What you should do: What you give must be exactly the lines of the material from the first through the line that contains "k))) (butterfly p", inclusive, and no others.
————
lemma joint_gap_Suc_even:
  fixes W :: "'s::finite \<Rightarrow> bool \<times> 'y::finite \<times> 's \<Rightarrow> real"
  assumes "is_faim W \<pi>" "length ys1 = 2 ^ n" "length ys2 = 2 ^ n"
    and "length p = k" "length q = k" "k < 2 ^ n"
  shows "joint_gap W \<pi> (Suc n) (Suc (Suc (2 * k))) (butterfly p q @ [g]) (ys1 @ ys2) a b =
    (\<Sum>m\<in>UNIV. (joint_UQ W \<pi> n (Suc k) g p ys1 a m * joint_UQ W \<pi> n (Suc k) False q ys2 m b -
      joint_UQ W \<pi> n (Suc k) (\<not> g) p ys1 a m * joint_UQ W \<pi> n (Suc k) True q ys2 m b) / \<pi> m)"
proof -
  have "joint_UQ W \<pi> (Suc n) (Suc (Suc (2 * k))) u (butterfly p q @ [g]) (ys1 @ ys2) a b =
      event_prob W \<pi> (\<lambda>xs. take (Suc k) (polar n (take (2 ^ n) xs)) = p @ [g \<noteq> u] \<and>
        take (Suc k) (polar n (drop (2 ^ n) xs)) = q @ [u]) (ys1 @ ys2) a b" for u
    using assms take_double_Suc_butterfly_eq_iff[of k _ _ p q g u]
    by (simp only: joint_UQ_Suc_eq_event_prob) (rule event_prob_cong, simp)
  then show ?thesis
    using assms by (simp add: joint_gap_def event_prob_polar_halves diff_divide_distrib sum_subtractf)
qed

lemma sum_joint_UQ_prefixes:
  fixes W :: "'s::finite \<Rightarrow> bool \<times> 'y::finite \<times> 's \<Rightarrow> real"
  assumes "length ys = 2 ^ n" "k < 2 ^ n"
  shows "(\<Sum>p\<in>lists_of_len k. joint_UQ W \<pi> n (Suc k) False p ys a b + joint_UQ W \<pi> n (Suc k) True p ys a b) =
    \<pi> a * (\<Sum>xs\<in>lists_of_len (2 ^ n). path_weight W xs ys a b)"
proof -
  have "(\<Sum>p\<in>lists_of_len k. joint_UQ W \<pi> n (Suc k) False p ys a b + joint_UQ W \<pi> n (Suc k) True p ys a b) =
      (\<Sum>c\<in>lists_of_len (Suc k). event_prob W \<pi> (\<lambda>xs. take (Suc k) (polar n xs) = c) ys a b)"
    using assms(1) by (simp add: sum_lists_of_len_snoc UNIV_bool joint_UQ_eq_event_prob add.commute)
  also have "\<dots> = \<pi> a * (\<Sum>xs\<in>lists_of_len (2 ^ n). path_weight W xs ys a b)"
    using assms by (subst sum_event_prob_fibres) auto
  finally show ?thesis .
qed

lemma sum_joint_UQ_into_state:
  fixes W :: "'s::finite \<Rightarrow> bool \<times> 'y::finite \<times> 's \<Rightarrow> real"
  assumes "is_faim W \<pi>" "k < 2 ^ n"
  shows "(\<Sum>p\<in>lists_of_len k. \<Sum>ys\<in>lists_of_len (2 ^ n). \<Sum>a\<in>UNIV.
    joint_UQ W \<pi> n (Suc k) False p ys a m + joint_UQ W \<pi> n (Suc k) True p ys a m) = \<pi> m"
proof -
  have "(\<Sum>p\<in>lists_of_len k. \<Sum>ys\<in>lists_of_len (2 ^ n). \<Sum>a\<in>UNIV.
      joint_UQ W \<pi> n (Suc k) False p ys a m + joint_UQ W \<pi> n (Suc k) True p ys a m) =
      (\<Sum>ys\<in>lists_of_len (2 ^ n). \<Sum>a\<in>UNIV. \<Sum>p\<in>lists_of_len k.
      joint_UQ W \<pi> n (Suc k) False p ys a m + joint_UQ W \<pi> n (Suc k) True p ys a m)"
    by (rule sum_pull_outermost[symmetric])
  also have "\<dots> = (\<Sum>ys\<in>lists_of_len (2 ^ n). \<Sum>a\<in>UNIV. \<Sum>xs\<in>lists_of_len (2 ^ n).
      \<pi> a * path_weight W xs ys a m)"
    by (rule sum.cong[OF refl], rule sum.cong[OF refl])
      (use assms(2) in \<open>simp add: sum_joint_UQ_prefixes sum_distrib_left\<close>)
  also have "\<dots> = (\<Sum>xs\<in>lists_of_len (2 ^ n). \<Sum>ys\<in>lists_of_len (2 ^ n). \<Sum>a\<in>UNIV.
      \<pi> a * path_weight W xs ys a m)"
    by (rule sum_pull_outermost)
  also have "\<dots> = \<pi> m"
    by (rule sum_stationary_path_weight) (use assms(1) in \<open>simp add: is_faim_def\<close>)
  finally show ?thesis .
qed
————
Exercise output:
lemma joint_gap_Suc_even:
  fixes W :: "'s::finite \<Rightarrow> bool \<times> 'y::finite \<times> 's \<Rightarrow> real"
  assumes "is_faim W \<pi>" "length ys1 = 2 ^ n" "length ys2 = 2 ^ n"
    and "length p = k" "length q = k" "k < 2 ^ n"
  shows "joint_gap W \<pi> (Suc n) (Suc (Suc (2 * k))) (butterfly p q @ [g]) (ys1 @ ys2) a b =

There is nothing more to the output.